Это есть и у Ван-Эйка, и у многих немецких, французских и итальянских примитивов.
Борисова-Мусатова я отношу к этой же группе чувственных, сантиментальных и волнующих художников.
Мусатов нашел свою «некрасивость» и был достаточно убедителен и талантлив, чтобы ему поверили. Он нашел свое лицо: и просветил, он освятил его.
В жизни он не нашел окончательного воплощения своего лица. Оно у него всегда раздваивается между двумя женскими лицами в жизни друг на друга не похожими, но почти сливающимися в одно лицо в его картинах. Все черты в них иные, но они – одно. Раздвоение это еще более усиливает грустную безысходность его искусства.
Все, что он ни творил, – все было лишь для прославления «некрасивости», его пронзившей. Это была очень русская, очень национальная некрасивость, и он украшал ее всем, чем мог, всем, что было ей к лицу, т. е. тем, что выделяло характер ее лица.
Конечно, он хорош как пейзажист. Но кто выделил бы его из тысяч хороших импрессионистов, если бы его пейзаж весь не был проникнут присутствием, близостью любимой им женщины, не был бы фоном для ее фигуры. Как бы ни казались иногда случайны фигуры на его пейзажах, – всегда пейзаж написан для них, а не они для пейзажа.
И помещичьи усадьбы, и запущенные сады, и беседки, и платья восемнадцатого века, и розовые облака – все это он писал лишь потому, что они украшали и определяли любимое им выражение лица, волновавшую его «некрасивость».
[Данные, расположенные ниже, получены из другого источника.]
(* $\displaystyle \liminf_{n\to\infty}\frac{p(n,3)}{s(n,3)} > 1.$
   Context: $p(n,3)$ denotes the number of paving matroids of rank $3$ on the ground set $[n]=\{1,\dots,n\}$ (rank-$3$ matroids all of whose circuits have at least $3$ elements), and $s(n,3)$ denotes the number of sparse paving matroids of rank $3$ on $[n]$ (rank-$3$ matroids in which every $3$-subset of $[n]$ is either a basis or a circuit-hyperplane). *)

theory Defs
  imports Complex_Main "HOL-Library.Extended_Real" "HOL-Library.Liminf_Limsup"
begin

text \<open>A matroid on a finite ground set E is represented by its set of bases \<B>.\<close>
definition matroid_bases :: "'a set \<Rightarrow> 'a set set \<Rightarrow> bool" where
  "matroid_bases E \<B> \<longleftrightarrow> \<B> \<noteq> {} \<and> (\<forall>B\<in>\<B>. B \<subseteq> E) \<and>
     (\<forall>B1\<in>\<B>. \<forall>B2\<in>\<B>. \<forall>x\<in>B1 - B2. \<exists>y\<in>B2 - B1. insert y (B1 - {x}) \<in> \<B>)"

definition indep :: "'a set set \<Rightarrow> 'a set \<Rightarrow> bool" where
  "indep \<B> X \<longleftrightarrow> (\<exists>B\<in>\<B>. X \<subseteq> B)"

definition circuit :: "'a set \<Rightarrow> 'a set set \<Rightarrow> 'a set \<Rightarrow> bool" where
  "circuit E \<B> C \<longleftrightarrow> C \<subseteq> E \<and> \<not> indep \<B> C \<and> (\<forall>D. D \<subset> C \<longrightarrow> indep \<B> D)"

definition mrank :: "'a set set \<Rightarrow> 'a set \<Rightarrow> nat" where
  "mrank \<B> X = Max {card I | I. I \<subseteq> X \<and> indep \<B> I}"

definition has_rank :: "'a set set \<Rightarrow> nat \<Rightarrow> bool" where
  "has_rank \<B> r \<longleftrightarrow> (\<forall>B\<in>\<B>. card B = r)"

definition hyperplane :: "'a set \<Rightarrow> 'a set set \<Rightarrow> nat \<Rightarrow> 'a set \<Rightarrow> bool" where
  "hyperplane E \<B> r H \<longleftrightarrow> H \<subseteq> E \<and> mrank \<B> H = r - 1 \<and>
     (\<forall>e\<in>E - H. mrank \<B> (insert e H) > mrank \<B> H)"

definition paving :: "'a set \<Rightarrow> 'a set set \<Rightarrow> nat \<Rightarrow> bool" where
  "paving E \<B> r \<longleftrightarrow> (\<forall>C. circuit E \<B> C \<longrightarrow> card C \<ge> r)"

definition sparse_paving :: "'a set \<Rightarrow> 'a set set \<Rightarrow> nat \<Rightarrow> bool" where
  "sparse_paving E \<B> r \<longleftrightarrow> (\<forall>X. X \<subseteq> E \<and> card X = r \<longrightarrow>
      X \<in> \<B> \<or> (circuit E \<B> X \<and> hyperplane E \<B> r X))"

definition p_count :: "nat \<Rightarrow> nat \<Rightarrow> nat" where
  "p_count n r = card {\<B>. matroid_bases {1..n} \<B> \<and> has_rank \<B> r \<and> paving {1..n} \<B> r}"

definition s_count :: "nat \<Rightarrow> nat \<Rightarrow> nat" where
  "s_count n r = card {\<B>. matroid_bases {1..n} \<B> \<and> has_rank \<B> r \<and> sparse_paving {1..n} \<B> r}"

end

(*
  A rank-3 matroid is sparse paving exactly when its non-bases form a linear family of triples
  (any two share at most one point); conversely, every linear family of proper subsets ("lines")
  of the ground set gives a rank-3 paving matroid whose bases are the triples on no line. Hence
  s(n,3) is at most the number of linear triple systems on [n], while p(n,3) is at least that
  number plus the number of extensions: systems in which one triple T is enlarged by a point x to
  the four-point line T \<union> {x} and the triples meeting this line twice are discarded. Distinct
  systems of either kind give distinct matroids.

  It remains to show that extensions are at least 10^-7 times as numerous as linear triple
  systems. A system with k < n^2/200 triples can be enlarged by a triple in about n^3/6 ways, so
  the number of systems of size k at least doubles while k < n^2/200, and the average size of a
  linear triple system is at least n^2/400. A system H has |H|(n - 3) distinct extensions,
  whereas an extension G comes from at most 4(6n + 1)^3 systems: H is determined by G, the triple
  T inside the four-point line, and the at most three triples of H meeting that line twice.
*)

theory Submission
  imports Defs
begin

lemma obtain_insert_of_card_Suc:
  assumes "P \<subseteq> X" "finite X" "card X = Suc (card P)"
  obtains a where "a \<notin> P" "X = insert a P"
proof -
  have "card (X - P) = 1"
    using assms by (simp add: card_Diff_subset finite_subset)
  then obtain a where "X - P = {a}" by (auto simp: card_Suc_eq)
  with assms(1) show ?thesis using that by blast
qed

lemma double_counting_le:
  assumes "finite A" "finite B"
    and "\<And>a. a \<in> A \<Longrightarrow> f a \<le> card {b \<in> B. R a b}"
    and "\<And>b. b \<in> B \<Longrightarrow> card {a \<in> A. R a b} \<le> d"
  shows "(\<Sum>a\<in>A. f a) \<le> card B * d"
proof -
  have card_eq: "card {y \<in> Y. P y} = (\<Sum>y\<in>Y. if P y then 1 else 0)"
    if "finite Y" for Y and P :: "'c \<Rightarrow> bool"
    using that by (simp add: sum.If_cases Int_def)
  have "(\<Sum>a\<in>A. f a) \<le> (\<Sum>a\<in>A. card {b \<in> B. R a b})" using assms(3) by (rule sum_mono)
  also have "\<dots> = (\<Sum>b\<in>B. card {a \<in> A. R a b})"
    using assms(1,2) by (simp add: card_eq sum.swap[of _ A B])
  also have "\<dots> \<le> (\<Sum>b\<in>B. d)" using assms(4) by (rule sum_mono)
  finally show ?thesis by simp
qed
Потому-то в нем так много лиризма и единства. Потому-то в нем так много того, что есть в хороших, немного устарелых, очень сантиментальных и грустных романсах, которые с таким чувством поются в глухой русской провинции. Ведь он очень провинциален, и, быть может, это дает ему власть так наивно и смело подходить к нашему сердцу.
Врубель
Нечто общее есть между безумием Ницше и безумием Врубеля, в этом пребывании тела здесь на земле в то время, как гениальный дух уже покинул его, в этой страшной полусмерти, которая отмечает избранных. Точно дух переступил запретную грань и уже не мог вернуться в темницу тела.
Перед этими пятью незаконченными полотнами Врубеля, что висят на выставке «Нового общества», перед этими драгоценными холстами, извлеченными из сора мастерской, несколько раз приходилось слышать смех, гоготание и негодование на то, что «такую гадость принимают на выставку». Смеялись и негодовали каждый раз элегантно одетые госпола и светские дамы. Неужели же невежество петербургской публики простирается до того, что она ничего не знает о безумии и слепоте Врубеля, о трагедии, постигшей русское искусство? Разве не подобает перед этими полотнами такое же молчание, как в той комнате, где умер Пушкин?
* * *
У Врубеля есть глубокое, органическое сродство духа с Лермонтовым. Его иллюстрации к Лермонтову не повторяют, а продолжают мысль поэта. Он шел по той дороге, которая на полпути оборвалась под ногами Лермонтова. Но и он не дошел по ней до конца. Его сродство с Лермонтовым в том выражении глаз, которое он ищет в лице «Демона», и в горьких. запекшихся губах. Врубель живописец одно-взгляда. Это страшно чувствуется на большом, незаконченном эскизе «Демона» на выставке «Нового общества», где закончены лишь одни глаза.
Врубель, как и Лермонтов, действительно понимал горы. В России Врубель единственный живописец гор. Я старался вспомнить, кто в живописи понял и воплотил горы. Не холмистую местность в характере Богаевского или Мэнара, а горы – вечные кристаллы земли.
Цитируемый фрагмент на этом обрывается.